• **EXERCISE OBJECTIVE**
Whenever a line in the entries below contains "definition", copy that line.

• **DATA SHOWN**
(* Let $W$ be an affine Weyl group and $x\in W$. Let $r_1,r_2$ be reflections in $W$ whose hyperplanes $H_1=H_{r_1}$, $H_2=H_{r_2}$ are parallel. Suppose $j\in D_R(x)$. Let $H_3$ be the hyperplane of the reflection $xs_jx^{-1}$ (the wall separating $x$ from $xs_j$) and $H_4$ the hyperplane of the reflection $r_2r_1xs_jx^{-1}r_1r_2$. Assume that the identity alcove does not lie in the region strictly between $H_3$ and $H_4$. Then $j\in D_R(r_2r_1x)$.
   Context: $W$ is the affine Weyl group of a crystallographic root system, a Coxeter group with simple generators $s_j$, acting on Euclidean space; its reflections are the reflections in the hyperplanes $H_{\beta,k}=\{v:\langle v,\beta\rangle=k\}$, and $H_r$ is the hyperplane of the reflection $r$. Elements of $W$ are identified with alcoves ($w\mapsto wA_0$, the identity alcove being $A_0$). $\ell$ is length; $D_R(x)=\{j:\ell(xs_j)<\ell(x)\}$. *)

theory Defs
  imports "HOL-Analysis.Analysis"
begin

definition root_system :: "'a::euclidean_space set \<Rightarrow> bool" where
  "root_system \<Phi> \<longleftrightarrow> finite \<Phi> \<and> 0 \<notin> \<Phi> \<and> span \<Phi> = UNIV
     \<and> (\<forall>\<alpha>\<in>\<Phi>. \<forall>\<beta>\<in>\<Phi>. \<beta> - (2 * (\<beta> \<bullet> \<alpha>) / (\<alpha> \<bullet> \<alpha>)) *\<^sub>R \<alpha> \<in> \<Phi>)
     \<and> (\<forall>\<alpha>\<in>\<Phi>. \<forall>\<beta>\<in>\<Phi>. 2 * (\<beta> \<bullet> \<alpha>) / (\<alpha> \<bullet> \<alpha>) \<in> \<int>)
     \<and> (\<forall>\<alpha>\<in>\<Phi>. \<forall>c::real. c *\<^sub>R \<alpha> \<in> \<Phi> \<longrightarrow> c = 1 \<or> c = -1)"

definition aff_refl :: "'a::euclidean_space \<Rightarrow> int \<Rightarrow> 'a \<Rightarrow> 'a" where
  "aff_refl \<beta> k v = v - ((v \<bullet> \<beta> - of_int k) * (2 / (\<beta> \<bullet> \<beta>))) *\<^sub>R \<beta>"

definition refls :: "'a::euclidean_space set \<Rightarrow> ('a \<Rightarrow> 'a) set" where
  "refls \<Phi> = {aff_refl \<beta> k | \<beta> k. \<beta> \<in> \<Phi>}"

inductive_set affW :: "'a::euclidean_space set \<Rightarrow> ('a \<Rightarrow> 'a) set" for \<Phi> where
  affW_id: "id \<in> affW \<Phi>"
| affW_step: "r \<in> refls \<Phi> \<Longrightarrow> w \<in> affW \<Phi> \<Longrightarrow> r \<circ> w \<in> affW \<Phi>"

definition hyps :: "'a::euclidean_space set \<Rightarrow> 'a set set" where
  "hyps \<Phi> = {{v. v \<bullet> \<beta> = of_int k} | \<beta> k. \<beta> \<in> \<Phi>}"

definition alcove :: "'a::euclidean_space set \<Rightarrow> 'a set \<Rightarrow> bool" where
  "alcove \<Phi> A \<longleftrightarrow> A \<in> components (- \<Union>(hyps \<Phi>))"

• **ANSWER**
definition root_system :: "'a::euclidean_space set \<Rightarrow> bool" where
definition aff_refl :: "'a::euclidean_space \<Rightarrow> int \<Rightarrow> 'a \<Rightarrow> 'a" where
definition refls :: "'a::euclidean_space set \<Rightarrow> ('a \<Rightarrow> 'a) set" where
definition hyps :: "'a::euclidean_space set \<Rightarrow> 'a set set" where
definition alcove :: "'a::euclidean_space set \<Rightarrow> 'a set \<Rightarrow> bool" where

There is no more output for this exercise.